Photos: Daryl Darko Barnett, Coyote Hills, 2014
I've been quiet on the model blog...I'm focusing on myself and my life in efforts to crawl back out of my shroud of depression. I am sensitive; I take things personally or turn them inwardly and beat myself up over the tiniest of things. I am at least happy that I'm so much more aware of my triggers and bad habits. I have been trying to allow myself to avoid feeling guilty for my faults on top of everything. I found myself disgusted in myself when I realized two weeks passed where not a night went by that I didn't drunkenly, sadly, slip into a death slumber and awake the next morning hating myself. I can't keep doing that. It's a work in progress to understand and change things in oneself. But I continue to take care of myself in other ways and that has helped. I think I am heading toward making necessary changes for myself. I can't say that I *am* better, but I feel better about how I am, and that strikes me as something new and refreshing, and makes me feel much better about going forward to try something new. In all honesty, I am a bit surprised I'm not worse off given my background...I dealt with drug-addicted/alcoholic family members, neglect and molestation, family separation anxiety, and trauma leading to my very low self esteem, for instance. I do think I've managed all right, considering.

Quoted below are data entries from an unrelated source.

(* Let $n\ge 6$. For every $n$-vertex graph $G$, $$av_1(G)\le \frac n2+1,$$ with equality if and only if $G=K_2\cup(n-2)K_1$, i.e. $G$ consists of a single edge together with $n-2$ isolated vertices.
   Context: All graphs are finite and simple. For a graph $G=(V,E)$, a set $S\subseteq V$ is a $1$-nearly independent vertex set if the subgraph induced by $S$ has exactly one edge. $\sigma_1(G)$ is the number of such sets, $S_1(G)$ the sum of their sizes, and $av_1(G)=S_1(G)/\sigma_1(G)$, with $av_1(G)=0$ when $G$ has no edges. *)

theory Defs
  imports Complex_Main
begin

definition simple_graph :: "'a set \<Rightarrow> 'a set set \<Rightarrow> bool" where
  "simple_graph V E \<longleftrightarrow> finite V \<and> (\<forall>e\<in>E. e \<subseteq> V \<and> card e = 2)"

definition induced_edges :: "'a set set \<Rightarrow> 'a set \<Rightarrow> 'a set set" where
  "induced_edges E S = {e \<in> E. e \<subseteq> S}"

definition nearly_indep_sets :: "'a set \<Rightarrow> 'a set set \<Rightarrow> 'a set set" where
  "nearly_indep_sets V E = {S. S \<subseteq> V \<and> card (induced_edges E S) = 1}"

definition sigma1 :: "'a set \<Rightarrow> 'a set set \<Rightarrow> nat" where
  "sigma1 V E = card (nearly_indep_sets V E)"

definition S1 :: "'a set \<Rightarrow> 'a set set \<Rightarrow> nat" where
  "S1 V E = (\<Sum>S\<in>nearly_indep_sets V E. card S)"

definition av1 :: "'a set \<Rightarrow> 'a set set \<Rightarrow> real" where
  "av1 V E = (if E = {} then 0 else real (S1 V E) / real (sigma1 V E))"

end

theory Submission
  imports Defs
begin

text \<open>Every set S inducing exactly one edge contains that edge e(S). For a vertex x, the map
  S \<mapsto> S - {x} injects the sets having x as a vertex outside e(S) into the sets avoiding x.
  Hence x lies in at most (sigma1 + c(x)) / 2 of the sets, where c(x) counts the sets with x
  on their edge; summing over x, with c summing to 2 sigma1, gives 2 S1 \<le> (n + 2) sigma1.
  For a single edge, inserting x inverts the injection, so equality holds. Otherwise V itself
  is not 1-nearly independent, and an inclusion-maximal such set M \<noteq> V misses some x; then
  M avoids x but is not S - {x} for any S, so the inequality at x is strict.\<close>

text \<open>Meaningful only when S induces exactly one edge.\<close>
definition edge_of :: "'a set set \<Rightarrow> 'a set \<Rightarrow> 'a set" where
  "edge_of E S = \<Union>(induced_edges E S)"

definition sets_avoiding :: "'a set \<Rightarrow> 'a set set \<Rightarrow> 'a \<Rightarrow> 'a set set" where
  "sets_avoiding V E x = {S \<in> nearly_indep_sets V E. x \<notin> S}"

definition sets_free_at :: "'a set \<Rightarrow> 'a set set \<Rightarrow> 'a \<Rightarrow> 'a set set" where
  "sets_free_at V E x = {S \<in> nearly_indep_sets V E. x \<in> S - edge_of E S}"

lemma nearly_indep_sets_subset: "S \<in> nearly_indep_sets V E \<Longrightarrow> S \<subseteq> V"
  by (simp add: nearly_indep_sets_def)

lemma finite_nearly_indep_sets: "finite V \<Longrightarrow> finite (nearly_indep_sets V E)"
  by (rule finite_subset[of _ "Pow V"]) (auto simp: nearly_indep_sets_def)

lemma induced_edges_eq_edge_of:
  assumes "S \<in> nearly_indep_sets V E"
  shows "induced_edges E S = {edge_of E S}"
proof -
  from assms obtain e where "induced_edges E S = {e}"
    by (auto simp: nearly_indep_sets_def card_1_singleton_iff)
  then show ?thesis by (simp add: edge_of_def)
qed

lemma edge_of_in_edges: "S \<in> nearly_indep_sets V E \<Longrightarrow> edge_of E S \<in> E"
  using induced_edges_eq_edge_of by (fastforce simp: induced_edges_def)

lemma edge_of_subset: "S \<in> nearly_indep_sets V E \<Longrightarrow> edge_of E S \<subseteq> S"
  using induced_edges_eq_edge_of by (fastforce simp: induced_edges_def)

lemma card_edge_of:
  assumes "simple_graph V E" and "S \<in> nearly_indep_sets V E"
  shows "card (edge_of E S) = 2"
  using assms edge_of_in_edges[OF assms(2)] by (simp add: simple_graph_def)

lemma Diff_vertex_in_nearly_indep_sets:
  assumes "S \<in> nearly_indep_sets V E" and "x \<notin> edge_of E S"
  shows "S - {x} \<in> nearly_indep_sets V E"
proof -
  have "induced_edges E (S - {x}) = induced_edges E S"
    using assms induced_edges_eq_edge_of[OF assms(1)] by (auto simp: induced_edges_def)
  then show ?thesis using assms(1) by (auto simp: nearly_indep_sets_def)
qed

lemma card_sets_free_at_le_card_sets_avoiding:
  assumes "finite V"
  shows "card (sets_free_at V E x) \<le> card (sets_avoiding V E x)"
proof (rule card_inj_on_le)
  show "inj_on (\<lambda>S. S - {x}) (sets_free_at V E x)"
    by (auto simp: sets_free_at_def inj_on_def)
  show "(\<lambda>S. S - {x}) ` sets_free_at V E x \<subseteq> sets_avoiding V E x"
    by (auto simp: sets_free_at_def sets_avoiding_def Diff_vertex_in_nearly_indep_sets)
  show "finite (sets_avoiding V E x)"
    using finite_nearly_indep_sets[OF assms] by (simp add: sets_avoiding_def)
qed

lemma card_sets_containing_vertex:
  assumes "simple_graph V E"
  shows "2 * card {S \<in> nearly_indep_sets V E. x \<in> S} + card (sets_avoiding V E x)
    = card (nearly_indep_sets V E) + card {S \<in> nearly_indep_sets V E. x \<in> edge_of E S}
      + card (sets_free_at V E x)"
proof -
  let ?N = "nearly_indep_sets V E"
  let ?C = "{S \<in> ?N. x \<in> edge_of E S}"
  have fin: "finite ?N"
    using assms finite_nearly_indep_sets by (auto simp: simple_graph_def)
  have containing: "{S \<in> ?N. x \<in> S} = sets_free_at V E x \<union> ?C"
    using edge_of_subset by (auto simp: sets_free_at_def)
  have all: "?N = sets_avoiding V E x \<union> {S \<in> ?N. x \<in> S}"
    by (auto simp: sets_avoiding_def)
  have "card {S \<in> ?N. x \<in> S} = card (sets_free_at V E x) + card ?C"
    unfolding containing using fin
    by (intro card_Un_disjoint) (auto simp: sets_free_at_def)
  moreover have "card ?N = card (sets_avoiding V E x) + card {S \<in> ?N. x \<in> S}"
    using fin by (subst all, intro card_Un_disjoint) (auto simp: sets_avoiding_def)
  ultimately show ?thesis by simp
qed

lemma S1_eq_sum_card_containing:
  assumes "finite V"
  shows "S1 V E = (\<Sum>x\<in>V. card {S \<in> nearly_indep_sets V E. x \<in> S})"
proof -
  have "card {x \<in> V. x \<in> S} = card S" if "S \<in> nearly_indep_sets V E" for S
  proof -
    have "{x \<in> V. x \<in> S} = S" using nearly_indep_sets_subset[OF that] by blast
    then show ?thesis by simp
  qed
  then show ?thesis
    unfolding S1_def
    by (intro sum_multicount_gen[symmetric] assms finite_nearly_indep_sets) auto
qed

lemma sum_card_edge_containing:
  assumes "simple_graph V E"
  shows "(\<Sum>x\<in>V. card {S \<in> nearly_indep_sets V E. x \<in> edge_of E S}) = 2 * sigma1 V E"
proof -
  have finV: "finite V" using assms by (simp add: simple_graph_def)
  have "card {x \<in> V. x \<in> edge_of E S} = 2" if "S \<in> nearly_indep_sets V E" for S
  proof -
    have "edge_of E S \<subseteq> V"
      using edge_of_subset[OF that] nearly_indep_sets_subset[OF that] by blast
    then have "{x \<in> V. x \<in> edge_of E S} = edge_of E S" by blast
    then show ?thesis using card_edge_of[OF assms that] by simp
  qed
  then show ?thesis
    unfolding sigma1_def
    by (subst sum_multicount[OF finV finite_nearly_indep_sets[OF finV]]) auto
qed

lemma S1_double_counting:
  assumes "simple_graph V E"
  shows "2 * S1 V E + (\<Sum>x\<in>V. card (sets_avoiding V E x))
    = (card V + 2) * sigma1 V E + (\<Sum>x\<in>V. card (sets_free_at V E x))"
proof -
  have finV: "finite V" using assms by (simp add: simple_graph_def)
  have "2 * S1 V E + (\<Sum>x\<in>V. card (sets_avoiding V E x))
      = (\<Sum>x\<in>V. 2 * card {S \<in> nearly_indep_sets V E. x \<in> S} + card (sets_avoiding V E x))"
    by (simp add: S1_eq_sum_card_containing[OF finV] sum_distrib_left sum.distrib)
  also have "\<dots> = (\<Sum>x\<in>V. sigma1 V E + card {S \<in> nearly_indep_sets V E. x \<in> edge_of E S}
      + card (sets_free_at V E x))"
    by (simp add: card_sets_containing_vertex[OF assms] sigma1_def)
  also have "\<dots> = (card V + 2) * sigma1 V E + (\<Sum>x\<in>V. card (sets_free_at V E x))"
    by (simp add: sum.distrib sum_card_edge_containing[OF assms] algebra_simps)
  finally show ?thesis .
qed

lemma two_S1_le:
  assumes "simple_graph V E"
  shows "2 * S1 V E \<le> (card V + 2) * sigma1 V E"
proof -
  have "(\<Sum>x\<in>V. card (sets_free_at V E x)) \<le> (\<Sum>x\<in>V. card (sets_avoiding V E x))"
    using assms by (intro sum_mono card_sets_free_at_le_card_sets_avoiding) (simp add: simple_graph_def)
  then show ?thesis using S1_double_counting[OF assms] by linarith
qed

lemma two_S1_eq:
  assumes "simple_graph V E"
    and "\<And>x. x \<in> V \<Longrightarrow> card (sets_avoiding V E x) \<le> card (sets_free_at V E x)"
  shows "2 * S1 V E = (card V + 2) * sigma1 V E"
proof -
  have "(\<Sum>x\<in>V. card (sets_free_at V E x)) = (\<Sum>x\<in>V. card (sets_avoiding V E x))"
  proof (rule sum.cong)
    fix x assume "x \<in> V"
    then show "card (sets_free_at V E x) = card (sets_avoiding V E x)"
      using assms card_sets_free_at_le_card_sets_avoiding[of V E x] by (simp add: simple_graph_def le_antisym)
  qed simp
  then show ?thesis using S1_double_counting[OF assms(1)] by linarith
qed

lemma two_S1_less:
  assumes "simple_graph V E"
    and "x \<in> V" and "card (sets_free_at V E x) < card (sets_avoiding V E x)"
  shows "2 * S1 V E < (card V + 2) * sigma1 V E"
proof -
  have finV: "finite V" using assms by (simp add: simple_graph_def)
  have "(\<Sum>x\<in>V. card (sets_free_at V E x)) < (\<Sum>x\<in>V. card (sets_avoiding V E x))"
    using assms card_sets_free_at_le_card_sets_avoiding[OF finV] by (intro sum_strict_mono_ex1 finV) auto
  then show ?thesis using S1_double_counting[OF assms(1)] by linarith
qed

lemma card_sets_avoiding_le_single_edge:
  assumes "finite V" and "E = {e}" and "x \<in> V"
  shows "card (sets_avoiding V E x) \<le> card (sets_free_at V E x)"
proof (rule card_inj_on_le)
  have mem_iff: "S \<in> nearly_indep_sets V E \<longleftrightarrow> S \<subseteq> V \<and> e \<subseteq> S" for S
  proof -
    have "induced_edges E S = (if e \<subseteq> S then {e} else {})"
      using assms(2) by (auto simp: induced_edges_def)
    then show ?thesis by (simp add: nearly_indep_sets_def)
  qed
  show "inj_on (insert x) (sets_avoiding V E x)"
    by (auto simp: sets_avoiding_def inj_on_def insert_ident)
  show "insert x ` sets_avoiding V E x \<subseteq> sets_free_at V E x"
  proof clarify
    fix S assume "S \<in> sets_avoiding V E x"
    then have S: "S \<subseteq> V" "e \<subseteq> S" "x \<notin> S" by (auto simp: sets_avoiding_def mem_iff)
    then have "insert x S \<in> nearly_indep_sets V E" using S assms(3) by (auto simp: mem_iff)
    moreover have "edge_of E (insert x S) = e"
      using edge_of_in_edges[OF calculation] assms(2) by simp
    ultimately show "insert x S \<in> sets_free_at V E x"
      using S(2,3) by (auto simp: sets_free_at_def)
  qed
  show "finite (sets_free_at V E x)"
    using finite_nearly_indep_sets[OF assms(1)] by (simp add: sets_free_at_def)
qed

lemma ex_card_sets_free_at_less:
  assumes "finite V" and "nearly_indep_sets V E \<noteq> {}" and "V \<notin> nearly_indep_sets V E"
  shows "\<exists>x\<in>V. card (sets_free_at V E x) < card (sets_avoiding V E x)"
proof -
  let ?N = "nearly_indep_sets V E"
  have finN: "finite ?N" using finite_nearly_indep_sets[OF assms(1)] .
  obtain M where M: "M \<in> ?N" and M_maximal: "\<And>S. S \<in> ?N \<Longrightarrow> M \<subseteq> S \<Longrightarrow> S = M"
    using finite_has_maximal[OF finN assms(2)] by metis
  have "M \<noteq> V" using M assms(3) by blast
  then obtain x where x: "x \<in> V" "x \<notin> M"
    using nearly_indep_sets_subset[OF M] by blast
  have "card (sets_free_at V E x) \<le> card (sets_avoiding V E x - {M})"
  proof (rule card_inj_on_le)
    show "inj_on (\<lambda>S. S - {x}) (sets_free_at V E x)"
      by (auto simp: sets_free_at_def inj_on_def)
    show "(\<lambda>S. S - {x}) ` sets_free_at V E x \<subseteq> sets_avoiding V E x - {M}"
    proof clarify
      fix S assume S: "S \<in> sets_free_at V E x"
      then have "S - {x} \<in> sets_avoiding V E x"
        by (auto simp: sets_free_at_def sets_avoiding_def Diff_vertex_in_nearly_indep_sets)
      moreover have "S - {x} \<noteq> M"
      proof
        assume "S - {x} = M"
        then have "S = insert x M" using S by (auto simp: sets_free_at_def)
        then show False using M_maximal[of S] S x(2) by (auto simp: sets_free_at_def)
      qed
      ultimately show "S - {x} \<in> sets_avoiding V E x - {M}" by blast
    qed
    show "finite (sets_avoiding V E x - {M})"
      using finN by (simp add: sets_avoiding_def)
  qed
  also have "\<dots> < card (sets_avoiding V E x)"
    using M x(2) finN by (intro card_Diff1_less) (auto simp: sets_avoiding_def)
  finally show ?thesis using x(1) by blast
qed

lemma edge_in_nearly_indep_sets:
  assumes "simple_graph V E" and "e \<in> E"
  shows "e \<in> nearly_indep_sets V E"
proof -
  have "f = e" if "f \<in> E" and "f \<subseteq> e" for f
    using assms that by (metis card_subset_eq card.infinite simple_graph_def zero_neq_numeral)
  then have "induced_edges E e = {e}" using assms(2) by (auto simp: induced_edges_def)
  then show ?thesis using assms by (simp add: nearly_indep_sets_def simple_graph_def)
qed

lemma vertex_set_in_nearly_indep_sets_iff:
  assumes "simple_graph V E"
  shows "V \<in> nearly_indep_sets V E \<longleftrightarrow> card E = 1"
proof -
  have "induced_edges E V = E" using assms by (auto simp: induced_edges_def simple_graph_def)
  then show ?thesis by (simp add: nearly_indep_sets_def)
qed

lemma two_S1_eq_iff_single_edge:
  assumes "simple_graph V E" and "E \<noteq> {}"
  shows "2 * S1 V E = (card V + 2) * sigma1 V E \<longleftrightarrow> card E = 1"
proof
  have finV: "finite V" using assms(1) by (simp add: simple_graph_def)
  show "card E = 1" if "2 * S1 V E = (card V + 2) * sigma1 V E"
  proof (rule ccontr)
    assume "card E \<noteq> 1"
    moreover have "nearly_indep_sets V E \<noteq> {}"
      using assms edge_in_nearly_indep_sets by blast
    ultimately obtain x where "x \<in> V" "card (sets_free_at V E x) < card (sets_avoiding V E x)"
      using ex_card_sets_free_at_less[OF finV] vertex_set_in_nearly_indep_sets_iff[OF assms(1)]
      by blast
    then show False using two_S1_less[OF assms(1)] that by fastforce
  qed
  show "2 * S1 V E = (card V + 2) * sigma1 V E" if "card E = 1"
    using that card_sets_avoiding_le_single_edge[OF finV]
    by (intro two_S1_eq[OF assms(1)]) (metis card_1_singletonE)
qed

text \<open>The bound and the equality case hold for every n.\<close>

theorem mainTheorem9:
  fixes V :: "'a set" and E :: "'a set set" and n :: nat
  assumes "simple_graph V E" and "card V = n" and "n \<ge> 6"
  shows "av1 V E \<le> real n / 2 + 1
    \<and> (av1 V E = real n / 2 + 1 \<longleftrightarrow> card E = 1)"
proof (cases "E = {}")
  case True
  then show ?thesis by (simp add: av1_def)
next
  case False
  have "sigma1 V E > 0"
    using False edge_in_nearly_indep_sets[OF assms(1)] finite_nearly_indep_sets assms(1)
    by (fastforce simp: sigma1_def simple_graph_def card_gt_0_iff)
  then have "av1 V E \<le> real n / 2 + 1 \<longleftrightarrow> real (2 * S1 V E) \<le> real ((n + 2) * sigma1 V E)"
    and "av1 V E = real n / 2 + 1 \<longleftrightarrow> real (2 * S1 V E) = real ((n + 2) * sigma1 V E)"
    using False by (simp_all add: av1_def field_simps)
  then show ?thesis
    unfolding of_nat_le_iff of_nat_eq_iff
    using two_S1_le[OF assms(1)] two_S1_eq_iff_single_edge[OF assms(1) False] assms(2) by simp
qed

end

I remain an intermittent model; I do have a long day of modeling ahead of me tomorrow for a new figure drawing class. I'm excited!
The photos above are from a recent shoot I did with the wonderful Daryl Darko. I honestly haven't even had much time to devote to photoshoots but this was a day off well spent (day off from my shit retail job, which helps pay my rent but is very awkwardly scheduled...blarg). We worked on a new set for Zivity, which I'll happily share when it gets published :D
In the not-so-distant future I may be back in school if all goes well with the application process, because it's really time I focus myself in something that I want to do with my life. I'm looking forward to that, too. If I can I will still model, but we'll just have to wait and see :] San Jose....you may soon meet your newest art model.